Saved entries
lemma rad_separating_functionals:
  obtains \<phi> :: "('a \<Rightarrow> 'k::field) \<Rightarrow> ('a \<Rightarrow> 'k) \<Rightarrow> 'k"
  where "\<And>e. ga_linear G (\<phi> e)" "\<And>e x. x \<in> rad \<Longrightarrow> \<phi> e x = 0" "\<And>e. e \<notin> rad \<Longrightarrow> \<phi> e e = 1"
proof
  let ?P = "\<lambda>e l. ga_linear G l \<and> (\<forall>x\<in>rad. l x = 0) \<and> l e = 1"
  define \<phi> where "\<phi> e = (if e \<in> rad then (\<lambda>_. 0) else Eps (?P e))" for e :: "'a \<Rightarrow> 'k"
  have "?P e (\<phi> e)" if "e \<notin> rad" for e
    using someI_ex[OF rad_separating_functional[OF that]] that by (simp add: \<phi>_def)
  then show "ga_linear G (\<phi> e)" "x \<in> rad \<Longrightarrow> \<phi> e x = 0" "e \<notin> rad \<Longrightarrow> \<phi> e e = 1" for e x
    by (cases "e \<in> rad"; simp add: \<phi>_def ga_linear_def)+
qed

lemma ga_linear_sandwich_sum:
  fixes \<phi> :: "('a \<Rightarrow> 'k::field) \<Rightarrow> ('a \<Rightarrow> 'k) \<Rightarrow> 'k"
  assumes "\<And>e. ga_linear G (\<phi> e)"
  shows "ga_linear G (\<lambda>x. \<Sum>e\<in>E. \<phi> e (e \<star> (x \<star> e)))"
  unfolding ga_linear_def
proof (intro conjI ballI allI)
  fix a b :: "'a \<Rightarrow> 'k"
  have "(\<lambda>g. a g + b g) = a + b"
    by (simp add: plus_fun_def)
  then show "(\<Sum>e\<in>E. \<phi> e (e \<star> ((\<lambda>g. a g + b g) \<star> e))) =
      (\<Sum>e\<in>E. \<phi> e (e \<star> (a \<star> e))) + (\<Sum>e\<in>E. \<phi> e (e \<star> (b \<star> e)))"
    by (simp add: ga_mult_add_left ga_mult_add_right ga_linear_add[OF assms] sum.distrib)
next
  fix c and a :: "'a \<Rightarrow> 'k"
  show "(\<Sum>e\<in>E. \<phi> e (e \<star> ((\<lambda>g. c * a g) \<star> e))) = c * (\<Sum>e\<in>E. \<phi> e (e \<star> (a \<star> e)))"
    by (simp add: ga_mult_scale_left ga_mult_scale_right ga_linear_scale[OF assms] sum_distrib_left)
qed

lemma primitive_decomposition_sandwich:
  assumes E: "primitive_decomposition E unit" and r: "r \<in> KG" "r \<notin> rad"
  shows "\<exists>e\<in>E. \<exists>e'\<in>E. e \<star> (r \<star> e') \<notin> rad"
proof (rule ccontr)
  assume "\<not> ?thesis"
  then have sandwiches: "(\<Sum>e\<in>E. \<Sum>e'\<in>E. e \<star> (r \<star> e')) \<in> rad"
    by (intro rad_sum) blast
  define j where "j = (\<Sum>E) - unit"
  have j: "j \<in> rad"
    using E by (simp add: j_def primitive_decomposition_def)
  have "(\<Sum>e\<in>E. \<Sum>e'\<in>E. e \<star> (r \<star> e')) = (\<Sum>E) \<star> (r \<star> (\<Sum>E))"
    by (simp add: ga_mult_sum_left ga_mult_sum_right) (rule sum.swap)
  also have "\<dots> = r + (r \<star> j + j \<star> (r \<star> (\<Sum>E)))"
    using r(1) by (simp add: j_def ga_mult_diff_left ga_mult_diff_right algebra_simps)
  finally have "r = (\<Sum>e\<in>E. \<Sum>e'\<in>E. e \<star> (r \<star> e')) - (r \<star> j + j \<star> (r \<star> (\<Sum>E)))"
    by simp
  also have "\<dots> \<in> rad"
    using sandwiches j by (intro rad_diff rad_add rad_mult_left rad_mult_right)
  finally show False
    using r(2) by simp
qed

▸ Work to be completed
Copy all the data. Match it exactly.

▸ The completed task
lemma rad_separating_functionals:
  obtains \<phi> :: "('a \<Rightarrow> 'k::field) \<Rightarrow> ('a \<Rightarrow> 'k) \<Rightarrow> 'k"
  where "\<And>e. ga_linear G (\<phi> e)" "\<And>e x. x \<in> rad \<Longrightarrow> \<phi> e x = 0" "\<And>e. e \<notin> rad \<Longrightarrow> \<phi> e e = 1"
proof
  let ?P = "\<lambda>e l. ga_linear G l \<and> (\<forall>x\<in>rad. l x = 0) \<and> l e = 1"
  define \<phi> where "\<phi> e = (if e \<in> rad then (\<lambda>_. 0) else Eps (?P e))" for e :: "'a \<Rightarrow> 'k"
  have "?P e (\<phi> e)" if "e \<notin> rad" for e
    using someI_ex[OF rad_separating_functional[OF that]] that by (simp add: \<phi>_def)
  then show "ga_linear G (\<phi> e)" "x \<in> rad \<Longrightarrow> \<phi> e x = 0" "e \<notin> rad \<Longrightarrow> \<phi> e e = 1" for e x
    by (cases "e \<in> rad"; simp add: \<phi>_def ga_linear_def)+
qed

lemma ga_linear_sandwich_sum:
  fixes \<phi> :: "('a \<Rightarrow> 'k::field) \<Rightarrow> ('a \<Rightarrow> 'k) \<Rightarrow> 'k"
  assumes "\<And>e. ga_linear G (\<phi> e)"
  shows "ga_linear G (\<lambda>x. \<Sum>e\<in>E. \<phi> e (e \<star> (x \<star> e)))"
  unfolding ga_linear_def
proof (intro conjI ballI allI)
  fix a b :: "'a \<Rightarrow> 'k"
  have "(\<lambda>g. a g + b g) = a + b"
    by (simp add: plus_fun_def)
  then show "(\<Sum>e\<in>E. \<phi> e (e \<star> ((\<lambda>g. a g + b g) \<star> e))) =
      (\<Sum>e\<in>E. \<phi> e (e \<star> (a \<star> e))) + (\<Sum>e\<in>E. \<phi> e (e \<star> (b \<star> e)))"
    by (simp add: ga_mult_add_left ga_mult_add_right ga_linear_add[OF assms] sum.distrib)
next
  fix c and a :: "'a \<Rightarrow> 'k"
  show "(\<Sum>e\<in>E. \<phi> e (e \<star> ((\<lambda>g. c * a g) \<star> e))) = c * (\<Sum>e\<in>E. \<phi> e (e \<star> (a \<star> e)))"
    by (simp add: ga_mult_scale_left ga_mult_scale_right ga_linear_scale[OF assms] sum_distrib_left)
qed

lemma primitive_decomposition_sandwich:
  assumes E: "primitive_decomposition E unit" and r: "r \<in> KG" "r \<notin> rad"
  shows "\<exists>e\<in>E. \<exists>e'\<in>E. e \<star> (r \<star> e') \<notin> rad"
proof (rule ccontr)
  assume "\<not> ?thesis"
  then have sandwiches: "(\<Sum>e\<in>E. \<Sum>e'\<in>E. e \<star> (r \<star> e')) \<in> rad"
    by (intro rad_sum) blast
  define j where "j = (\<Sum>E) - unit"
  have j: "j \<in> rad"
    using E by (simp add: j_def primitive_decomposition_def)
  have "(\<Sum>e\<in>E. \<Sum>e'\<in>E. e \<star> (r \<star> e')) = (\<Sum>E) \<star> (r \<star> (\<Sum>E))"
    by (simp add: ga_mult_sum_left ga_mult_sum_right) (rule sum.swap)
  also have "\<dots> = r + (r \<star> j + j \<star> (r \<star> (\<Sum>E)))"
    using r(1) by (simp add: j_def ga_mult_diff_left ga_mult_diff_right algebra_simps)
  finally have "r = (\<Sum>e\<in>E. \<Sum>e'\<in>E. e \<star> (r \<star> e')) - (r \<star> j + j \<star> (r \<star> (\<Sum>E)))"
    by simp
  also have "\<dots> \<in> rad"
    using sandwiches j by (intro rad_diff rad_add rad_mult_left rad_mult_right)
  finally show False
    using r(2) by simp
qed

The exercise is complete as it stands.